- Born: 1767 Helford, Cornwall, England
- Died: July 11, 1824 (aged 56–57) Exeter, Devon, England
- Occupations: Newspaper editor, printer
- Children: 8
- Writing career
- Period: 1790–1824
- Genre: religious philosophy
- Subjects: Politics, theology

= Thomas Flindell =

Thomas Flindell (1767 – 11 July 1824), was an English newspaper editor and printer.

==Background==
Flindell was born in 1767 at Helford, in the parish of Manaccan, Cornwall, and was, to use his own words, "bred an illiterate half-seaman". He was apprenticed to a printer, and in 1790, when twenty-three years old, was sent to Yorkshire to conduct the Doncaster Gazette, the circulation of which he largely increased through his happy audacity in anticipating the decision of the jury in the trials of Thomas Hardy and Horne Tooke by publishing the verdict of 'not guilty.' About 1798 he returned to Helston in his native county, where he opened business as a printer, starting the 'Stannary Press,' and publishing several works by the Rev. Richard Polwhele and Dr. Robert Hawker, as well as an edition of Alexander Pope's Essay on Man.
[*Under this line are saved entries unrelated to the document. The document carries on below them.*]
(* Let $\pi:P\to M$ be a principal fibre bundle with group $G=P^{-1}P$, in the setting described in the context, and assume $G$ is commutative. Let $\nabla$ be a connection in $PP^{-1}$ with connection form $\omega$. Then the unique $G$-valued 2-form $\Omega$ on $M$ with $\pi^*\Omega=d\omega$ equals the curvature $R_\nabla$ (regarded as a $G$-valued 2-form via the identification of gauge-valued forms with $G$-valued forms described in the context): $R_\nabla=\Omega$.
   Context: Setting: $\Phi$ is a groupoid whose object set contains a set $M$ and an object $*\notin M$; $P$ is the set of arrows of $\Phi$ with domain $*$ and codomain in $M$; $\pi:P\to M$ the codomain map; $G=P^{-1}P:=\Phi( *,* )$ acts on $P$ from the right by precomposition, freely and transitively on fibres. $PP^{-1}$ is the full subgroupoid of $\Phi$ on $M$, acting on $P$ from the left by postcomposition; composition is right to left. $M$ and $P$ carry reflexive symmetric neighbour relations $\sim$; an infinitesimal $k$-simplex is a $(k+1)$-tuple of mutual neighbours; $\pi$ preserves $\sim$; every infinitesimal $k$-simplex in $M$ lifts to one in $P$ starting at any prescribed point over its first vertex; the right action of each $g\in G$ preserves $\sim$. A connection in $PP^{-1}$ assigns to each $a\sim b$ in $M$ an arrow $\nabla(a,b):b\to a$ of $PP^{-1}$, with $\nabla(a,a)=\mathrm{id}$, $\nabla(b,a)=\nabla(a,b)^{-1}$; its connection form is $\omega(u,v):=u^{-1}(\nabla(\pi u,\pi v)\cdot v)\in G$; its curvature is $R_\nabla(a_0,a_1,a_2)=\nabla(a_0,a_1)\nabla(a_1,a_2)\nabla(a_2,a_0)\in PP^{-1}(a_0,a_0)$. For a $G$-valued 1-form, $d\omega(x_0,x_1,x_2)=\omega(x_0,x_1)\omega(x_1,x_2)\omega(x_2,x_0)$. For a $G$-valued 2-form $\Omega$ on $M$, $(\pi^*\Omega)(u_0,u_1,u_2)=\Omega(\pi u_0,\pi u_1,\pi u_2)$. When $G$ is commutative, each endo-arrow $h\in PP^{-1}(a,a)$ written as $h=yx^{-1}$ with $x,y\in\pi^{-1}(a)$ is identified with $x^{-1}y\in G$ (independent of the choice of representation); this identifies the gauge group bundle with $M\times G$ and gauge-valued forms on $M$ with $G$-valued forms on $M$. *)

theory Defs
  imports Main
begin

text \<open>A groupoid given by objects Obj, arrows Arr, domain/codomain maps, composition
  (right to left: cmp g f means first f then g), identities and inverses.\<close>

definition groupoid ::
  "'o set \<Rightarrow> 'a set \<Rightarrow> ('a \<Rightarrow> 'o) \<Rightarrow> ('a \<Rightarrow> 'o) \<Rightarrow> ('a \<Rightarrow> 'a \<Rightarrow> 'a) \<Rightarrow> ('o \<Rightarrow> 'a) \<Rightarrow> ('a \<Rightarrow> 'a) \<Rightarrow> bool"
  where
  "groupoid Obj Arr src tgt cmp ide iv \<longleftrightarrow>
     (\<forall>f\<in>Arr. src f \<in> Obj \<and> tgt f \<in> Obj) \<and>
     (\<forall>f\<in>Arr. \<forall>g\<in>Arr. src g = tgt f \<longrightarrow>
         cmp g f \<in> Arr \<and> src (cmp g f) = src f \<and> tgt (cmp g f) = tgt g) \<and>
     (\<forall>f\<in>Arr. \<forall>g\<in>Arr. \<forall>h\<in>Arr. src g = tgt f \<longrightarrow> src h = tgt g \<longrightarrow>
         cmp h (cmp g f) = cmp (cmp h g) f) \<and>
     (\<forall>x\<in>Obj. ide x \<in> Arr \<and> src (ide x) = x \<and> tgt (ide x) = x) \<and>
     (\<forall>f\<in>Arr. cmp f (ide (src f)) = f \<and> cmp (ide (tgt f)) f = f) \<and>
     (\<forall>f\<in>Arr. iv f \<in> Arr \<and> src (iv f) = tgt f \<and> tgt (iv f) = src f \<and>
         cmp (iv f) f = ide (src f) \<and> cmp f (iv f) = ide (tgt f))"

definition bundleP :: "'a set \<Rightarrow> ('a \<Rightarrow> 'o) \<Rightarrow> ('a \<Rightarrow> 'o) \<Rightarrow> 'o set \<Rightarrow> 'o \<Rightarrow> 'a set" where
  "bundleP Arr src tgt M s = {u \<in> Arr. src u = s \<and> tgt u \<in> M}"

definition groupG :: "'a set \<Rightarrow> ('a \<Rightarrow> 'o) \<Rightarrow> ('a \<Rightarrow> 'o) \<Rightarrow> 'o \<Rightarrow> 'a set" where
  "groupG Arr src tgt s = {g \<in> Arr. src g = s \<and> tgt g = s}"

text \<open>An infinitesimal simplex in S for the neighbour relation nb: a nonempty list of
  points of S which are mutual neighbours (a k-simplex has length k+1).\<close>
definition inf_simplex :: "'x set \<Rightarrow> ('x \<Rightarrow> 'x \<Rightarrow> bool) \<Rightarrow> 'x list \<Rightarrow> bool" where
  "inf_simplex S nb xs \<longleftrightarrow> xs \<noteq> [] \<and> set xs \<subseteq> S \<and>
     (\<forall>i<length xs. \<forall>j<length xs. nb (xs ! i) (xs ! j))"

definition pfb_setting ::
  "'o set \<Rightarrow> 'a set \<Rightarrow> ('a \<Rightarrow> 'o) \<Rightarrow> ('a \<Rightarrow> 'o) \<Rightarrow> ('a \<Rightarrow> 'a \<Rightarrow> 'a) \<Rightarrow> ('o \<Rightarrow> 'a) \<Rightarrow> ('a \<Rightarrow> 'a)
    \<Rightarrow> 'o set \<Rightarrow> 'o \<Rightarrow> ('o \<Rightarrow> 'o \<Rightarrow> bool) \<Rightarrow> ('a \<Rightarrow> 'a \<Rightarrow> bool) \<Rightarrow> bool" where
  "pfb_setting Obj Arr src tgt cmp ide iv M s nbM nbP \<longleftrightarrow>
     groupoid Obj Arr src tgt cmp ide iv \<and>
     M \<subseteq> Obj \<and> s \<in> Obj \<and> s \<notin> M \<and>
     (\<forall>a\<in>M. \<exists>u\<in>bundleP Arr src tgt M s. tgt u = a) \<and>
     (\<forall>a\<in>M. nbM a a) \<and> (\<forall>a\<in>M. \<forall>b\<in>M. nbM a b \<longrightarrow> nbM b a) \<and>
     (\<forall>u\<in>bundleP Arr src tgt M s. nbP u u) \<and>
     (\<forall>u\<in>bundleP Arr src tgt M s. \<forall>v\<in>bundleP Arr src tgt M s. nbP u v \<longrightarrow> nbP v u) \<and>
     (\<forall>u\<in>bundleP Arr src tgt M s. \<forall>v\<in>bundleP Arr src tgt M s. nbP u v \<longrightarrow> nbM (tgt u) (tgt v)) \<and>
     (\<forall>xs. inf_simplex M nbM xs \<longrightarrow> (\<forall>u\<in>bundleP Arr src tgt M s. tgt u = hd xs \<longrightarrow>
        (\<exists>us. inf_simplex (bundleP Arr src tgt M s) nbP us \<and> map tgt us = xs \<and> hd us = u))) \<and>
     (\<forall>g\<in>groupG Arr src tgt s. \<forall>u\<in>bundleP Arr src tgt M s. \<forall>v\<in>bundleP Arr src tgt M s.
        nbP u v \<longrightarrow> nbP (cmp u g) (cmp v g))"

definition connection ::
  "'a set \<Rightarrow> ('a \<Rightarrow> 'o) \<Rightarrow> ('a \<Rightarrow> 'o) \<Rightarrow> ('o \<Rightarrow> 'a) \<Rightarrow> ('a \<Rightarrow> 'a)
    \<Rightarrow> 'o set \<Rightarrow> ('o \<Rightarrow> 'o \<Rightarrow> bool) \<Rightarrow> ('o \<Rightarrow> 'o \<Rightarrow> 'a) \<Rightarrow> bool" where
  "connection Arr src tgt ide iv M nbM nabla \<longleftrightarrow>
     (\<forall>a\<in>M. \<forall>b\<in>M. nbM a b \<longrightarrow>
        nabla a b \<in> Arr \<and> src (nabla a b) = b \<and> tgt (nabla a b) = a \<and>
        nabla b a = iv (nabla a b)) \<and>
     (\<forall>a\<in>M. nabla a a = ide a)"

definition conn_form ::
  "('a \<Rightarrow> 'o) \<Rightarrow> ('a \<Rightarrow> 'a \<Rightarrow> 'a) \<Rightarrow> ('a \<Rightarrow> 'a) \<Rightarrow> ('o \<Rightarrow> 'o \<Rightarrow> 'a) \<Rightarrow> 'a \<Rightarrow> 'a \<Rightarrow> 'a" where
  "conn_form tgt cmp iv nabla u v = cmp (iv u) (cmp (nabla (tgt u) (tgt v)) v)"

definition d1 :: "('a \<Rightarrow> 'a \<Rightarrow> 'a) \<Rightarrow> ('x \<Rightarrow> 'x \<Rightarrow> 'a) \<Rightarrow> 'x \<Rightarrow> 'x \<Rightarrow> 'x \<Rightarrow> 'a" where
  "d1 cmp \<omega> x0 x1 x2 = cmp (\<omega> x0 x1) (cmp (\<omega> x1 x2) (\<omega> x2 x0))"

definition curvature :: "('a \<Rightarrow> 'a \<Rightarrow> 'a) \<Rightarrow> ('o \<Rightarrow> 'o \<Rightarrow> 'a) \<Rightarrow> 'o \<Rightarrow> 'o \<Rightarrow> 'o \<Rightarrow> 'a" where
  "curvature cmp nabla a0 a1 a2 = cmp (nabla a0 a1) (cmp (nabla a1 a2) (nabla a2 a0))"

text \<open>Identification of an endo-arrow h at a with x^{-1} h x in G, for some x over a
  (with y = h x one has h = y x^{-1} and x^{-1} y = x^{-1} h x; independent of x
  when G is commutative).\<close>
definition gauge_to_G ::
  "'a set \<Rightarrow> ('a \<Rightarrow> 'o) \<Rightarrow> ('a \<Rightarrow> 'o) \<Rightarrow> ('a \<Rightarrow> 'a \<Rightarrow> 'a) \<Rightarrow> ('a \<Rightarrow> 'a) \<Rightarrow> 'o set \<Rightarrow> 'o \<Rightarrow> 'o \<Rightarrow> 'a \<Rightarrow> 'a" where
  "gauge_to_G Arr src tgt cmp iv M s a h =
     (let x = (SOME x. x \<in> bundleP Arr src tgt M s \<and> tgt x = a) in cmp (iv x) (cmp h x))"

end

theory Submission
  imports Defs
begin

text \<open>Along a lifted simplex the connection form telescopes:
  d\<omega>(u0,u1,u2) = (u0\<inverse> \<nabla>01 u1)(u1\<inverse> \<nabla>12 u2)(u2\<inverse> \<nabla>20 u0) = u0\<inverse> R(a0,a1,a2) u0,
  a purely groupoid-theoretic identity. Commutativity of G makes the conjugate
  x\<inverse> h x of an endo-arrow h independent of the point x of the fibre, so u0\<inverse> R u0 is
  the G-value of R at a0, i.e. \<pi>*R = d\<omega>. Uniqueness holds because every infinitesimal
  2-simplex of M lifts to P, so a 2-form on M is determined by its pullback.\<close>

lemma inf_simplex_triple_iff:
  "inf_simplex S nb [a0, a1, a2] \<longleftrightarrow> a0 \<in> S \<and> a1 \<in> S \<and> a2 \<in> S \<and>
     nb a0 a1 \<and> nb a1 a2 \<and> nb a2 a0 \<and> nb a0 a0 \<and> nb a1 a1 \<and> nb a2 a2 \<and>
     nb a1 a0 \<and> nb a2 a1 \<and> nb a0 a2"
  unfolding inf_simplex_def by (auto simp: less_Suc_eq nth_Cons')

lemma inf_simplex_map:
  assumes "inf_simplex S nb xs"
    and "\<And>x. x \<in> S \<Longrightarrow> f x \<in> T"
    and "\<And>x y. x \<in> S \<Longrightarrow> y \<in> S \<Longrightarrow> nb x y \<Longrightarrow> nb' (f x) (f y)"
  shows "inf_simplex T nb' (map f xs)"
  using assms unfolding inf_simplex_def by (auto simp: subset_iff)

locale groupoid_on =
  fixes Obj :: "'o set" and Arr :: "'a set" and src tgt :: "'a \<Rightarrow> 'o"
    and cmp :: "'a \<Rightarrow> 'a \<Rightarrow> 'a" and ide :: "'o \<Rightarrow> 'a" and iv :: "'a \<Rightarrow> 'a"
  assumes groupoid: "groupoid Obj Arr src tgt cmp ide iv"
begin

lemma comp_in_Arr [simp]: "f \<in> Arr \<Longrightarrow> g \<in> Arr \<Longrightarrow> src g = tgt f \<Longrightarrow> cmp g f \<in> Arr"
  and src_comp [simp]: "f \<in> Arr \<Longrightarrow> g \<in> Arr \<Longrightarrow> src g = tgt f \<Longrightarrow> src (cmp g f) = src f"
  and tgt_comp [simp]: "f \<in> Arr \<Longrightarrow> g \<in> Arr \<Longrightarrow> src g = tgt f \<Longrightarrow> tgt (cmp g f) = tgt g"
  and inv_in_Arr [simp]: "f \<in> Arr \<Longrightarrow> iv f \<in> Arr"
  and src_inv [simp]: "f \<in> Arr \<Longrightarrow> src (iv f) = tgt f"
  and tgt_inv [simp]: "f \<in> Arr \<Longrightarrow> tgt (iv f) = src f"
  and comp_ide_tgt [simp]: "f \<in> Arr \<Longrightarrow> cmp (ide (tgt f)) f = f"
  and comp_inv_left: "f \<in> Arr \<Longrightarrow> cmp (iv f) f = ide (src f)"
  and comp_inv_right: "f \<in> Arr \<Longrightarrow> cmp f (iv f) = ide (tgt f)"
  using groupoid unfolding groupoid_def by blast+

lemma comp_assoc [simp]:
  "f \<in> Arr \<Longrightarrow> g \<in> Arr \<Longrightarrow> h \<in> Arr \<Longrightarrow> src g = tgt f \<Longrightarrow> src h = tgt g \<Longrightarrow>
   cmp (cmp h g) f = cmp h (cmp g f)"
  using groupoid unfolding groupoid_def by metis

lemma inv_comp_cancel [simp]:
  assumes "f \<in> Arr" "k \<in> Arr" "tgt k = src f"
  shows "cmp (iv f) (cmp f k) = k"
proof -
  have "cmp (iv f) (cmp f k) = cmp (cmp (iv f) f) k" using assms by simp
  then show ?thesis using assms by (metis comp_inv_left comp_ide_tgt)
qed

lemma comp_inv_cancel [simp]:
  assumes "f \<in> Arr" "k \<in> Arr" "tgt k = tgt f"
  shows "cmp f (cmp (iv f) k) = k"
proof -
  have "cmp f (cmp (iv f) k) = cmp (cmp f (iv f)) k" using assms by simp
  then show ?thesis using assms by (metis comp_inv_right comp_ide_tgt)
qed

lemma conj_in_groupG:
  assumes "x \<in> Arr" "h \<in> Arr" "src h = tgt x" "tgt h = tgt x"
  shows "cmp (iv x) (cmp h x) \<in> groupG Arr src tgt (src x)"
  using assms unfolding groupG_def by simp

lemma conj_eq_if_groupG_commute:
  assumes comm: "\<forall>g\<in>groupG Arr src tgt s. \<forall>h\<in>groupG Arr src tgt s. cmp g h = cmp h g"
    and x: "x \<in> Arr" "src x = s" and u: "u \<in> Arr" "src u = s" and xu: "tgt x = tgt u"
    and h: "h \<in> Arr" "src h = tgt u" "tgt h = tgt u"
  shows "cmp (iv x) (cmp h x) = cmp (iv u) (cmp h u)"
proof -
  define g where "g = cmp (iv u) x"
  define k where "k = cmp (iv u) (cmp h u)"
  define k' where "k' = cmp (iv x) (cmp h x)"
  have gG: "g \<in> groupG Arr src tgt s" unfolding g_def groupG_def using x u xu by simp
  have kG: "k \<in> groupG Arr src tgt s" unfolding k_def using conj_in_groupG[OF u(1) h] u(2) by simp
  have k'G: "k' \<in> groupG Arr src tgt s" unfolding k'_def using conj_in_groupG[OF x(1) h(1)] x(2) h xu by simp
  have "cmp g k' = cmp (iv u) (cmp h x)" unfolding g_def k'_def using x u xu h by simp
  also have "\<dots> = cmp k g" unfolding g_def k_def using x u xu h by simp
  also have "\<dots> = cmp g k" using comm gG kG by blast
  finally have "cmp g k' = cmp g k" .
  then have "cmp (iv g) (cmp g k') = cmp (iv g) (cmp g k)" by simp
  then show ?thesis using gG kG k'G unfolding k_def k'_def groupG_def by simp
qed

end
In 1800 he removed to Falmouth, and in that year was published the first volume of his impression of the Bible, which he issued in numbers. The introduction and notes to three of the books of the Old Testament were contributed by the Rev. John Whitaker, and Polwhele wrote the notes on the other books; but the work was left incomplete, and copies are now very scarce. The first number of the Cornwall Gazette and Falmouth Packet, a weekly paper, was started at Falmouth under his editorship on 7 March 1801, and it lasted until 16 October 1802, when it ceased through the bankruptcy of his partners.

==Energy and style==
Flindell establish a newspaper called the 'Royal Cornwall Gazette.' Its first number appeared on 2 July 1803, and it still survives. He parted with his interest in this paper in 1811, but he continued the printing business at Truro during the next year.

His next venture was the 'Western Luminary,' a weekly newspaper of tory principles, which he set on foot at Exeter early in 1813. It prospered for some years, until the fierceness of his political zeal led him to stigmatise Queen Caroline as 'notoriously devoted to Bacchus and Venus,' when Wetherell brought the matter before the House of Commons (24 and 25 July 1820), and moved that it was a breach of the house's privileges. This was not unreasonably resisted by Lord Castlereagh, and as it appeared in the subsequent discussion that a prosecution would be instituted the motion was withdrawn. For this indiscretion Flindell was prosecuted, and on 19 March 1821 was sentenced to an imprisonment of eight months in Exeter gaol.

During his confinement he composed a volume entitled Prison Recreations: the philosophy of reason and revelation attempted, with a view to the restoration of the theory of the Bible on the ruins of infidelity. The discussion of religious topics was one of his chief pleasures, and the pages of his Exeter paper contained a lengthened controversy from three divines, named Cleeve, Dennis, and Carpenter, on the Trinitarian question, which Flindell 'closed at last in a somewhat perplexed manner,' and provoked from Colton the epigram printed in Archdeacon Wrangham's catalogue of his English library, p. 564, to the effect that the three parsons had proved 'not one incomprehensible but three,' and Flindell had shown 'not three incomprehensible but one.' His prison restraint impaired his health; he wrote in January 1824 that he was breaking up fast, and his illness was aggravated by his indignation at the severe treatment which he had received, while others who had used equally strong language had escaped scot-free.

==Death==
After a protracted illness he died at Exeter on 11 July 1824, aged 57. His wife and a numerous family survived him; he had eight children in 1806, some of whom are mentioned in Boase's 'Collectanea Cornub.,' p. 251. Several letters by Flindell are in Jonathan Edwards Ryland's 'Kitto,' pp. 124–9, 155; Polwhele's 'Traditions and Recollections,' ii. 778–81; 'Reminiscences,' i. 125–6; and 'Biographical Sketches in Cornwall,' ii. 57. 'A man of strong understanding, though by no means polished or refined,' was Polwhele's estimate of Flindell's character.